The Evolution of Modern Data Storage
by Andrew Mullen on October 4, 2017
Digital information is being generated today at unprecedented rates. It wasn’t that long ago that an entire enterprise server with thousands of users required only one or two terabytes of data storage. Now the amounts of data companies must handle on a daily basis is measured in petabytes or even exabytes. IDC reports that 16.1 zettabytes (that’s 16.1 billion terabytes) of data was generated worldwide in 2016 alone.
This explosion of data is transforming the corporate IT landscape.
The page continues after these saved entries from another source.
text \<open>Optimality of \<open>z\<close> for \<open>G + \<bar>\<cdot> - x\<bar>\<^sup>2/(2t)\<close> along the segment from \<open>z\<close> to \<open>y\<close>
  gives \<open>s (G z + \<langle>(x - z)/t, y - z\<rangle>) \<le> s (G y + s \<bar>y - z\<bar>\<^sup>2/(2t))\<close> for \<open>0 < s \<le> 1\<close>;
  let \<open>s \<rightarrow> 0\<close>.\<close>
lemma ext_convex_prox_point_subdiff:
  fixes G :: "'a::euclidean_space \<Rightarrow> ereal"
  assumes cvx: "ext_convex G" and fin: "\<And>x. G x \<noteq> -\<infinity>" and Gz: "G z \<noteq> \<infinity>" and t: "0 < t"
    and min: "\<And>y. G z + ereal ((norm (z - x))\<^sup>2 / (2*t)) \<le> G y + ereal ((norm (y - x))\<^sup>2 / (2*t))"
  shows "(z, (1/t) *\<^sub>R (x - z)) \<in> subdiff_graph G"
proof -
  have "G z + ereal (inner ((1/t) *\<^sub>R (x - z)) (y - z)) \<le> G y" for y
  proof (cases "G y")
    case (real gy)
    obtain gz where gz: "G z = ereal gz"
      using Gz fin[of z] by (cases "G z") auto
    define P where "P = inner (z - x) (y - z)"
    define D where "D = (norm (y - z))\<^sup>2 / (2*t)"
    have "gz - P / t \<le> gy + s * D" if s: "0 < s" "s \<le> 1" for s
    proof -
      define ys where "ys = (1 - s) *\<^sub>R z + s *\<^sub>R y"
      have G_ys: "G ys \<le> ereal ((1 - s) * gz + s * gy)"
        unfolding ys_def using s by (intro ext_convexD[OF cvx]) (auto simp: gz real)
      have "(norm (ys - x))\<^sup>2 = (norm ((z - x) + s *\<^sub>R (y - z)))\<^sup>2"
        unfolding ys_def by (simp add: algebra_simps)
      also have "\<dots> = (norm (z - x))\<^sup>2 + 2 * s * P + s\<^sup>2 * (norm (y - z))\<^sup>2"
        unfolding P_def power2_norm_eq_inner by (simp add: inner_add_left inner_add_right inner_commute power2_eq_square)
      finally have "(norm (ys - x))\<^sup>2 / (2*t) = (norm (z - x))\<^sup>2 / (2*t) + s * P / t + s * (s * D)"
        unfolding D_def using t by (simp add: field_simps power2_eq_square)
      moreover have "ereal (gz + (norm (z - x))\<^sup>2 / (2*t)) \<le> G ys + ereal ((norm (ys - x))\<^sup>2 / (2*t))"
        using min[of ys] by (simp add: gz)
      ultimately have "gz \<le> (1 - s) * gz + s * gy + s * P / t + s * (s * D)"
        using G_ys fin[of ys] by (cases "G ys") auto
      then have "s * (gz - P / t) \<le> s * (gy + s * D)"
        by (simp add: algebra_simps)
      then show ?thesis
        using s by simp
    qed
    then have "gz - P / t \<le> gy"
      by (rule le_of_forall_le_add_mult)
    moreover have "inner ((1/t) *\<^sub>R (x - z)) (y - z) = - P / t"
      unfolding P_def by (simp add: inner_minus_left[symmetric])
    ultimately show ?thesis
      by (simp add: gz real)
  qed (use fin in auto)
  with Gz show ?thesis
    by (simp add: subdiff_graph_def)
qed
Traditional storage solutions were never designed for today’s data-intensive environment, and are proving to be more and more inadequate to handle ever-increasing capacity and performance demands.
Why the Old Storage Model Doesn't Work Anymore
The traditional approach to storage was designed for a world in which the IT infrastructure of a typical large enterprise was expected to handle thousands of files and perhaps several hundred concurrent users. Systems were expected to be taken offline for planned maintenance at scheduled intervals, and periodic unscheduled downtime was simply a fact of life.
For most companies, that world no longer exists. Many have become global enterprises that work with petabytes of data and many thousands or even millions of users spread around the world. Customers not only expect but demand that these corporate systems be online 24/7, with no downtime, scheduled or otherwise, and that whenever additional storage capacity is needed, it will be automatically provisioned without disrupting operations.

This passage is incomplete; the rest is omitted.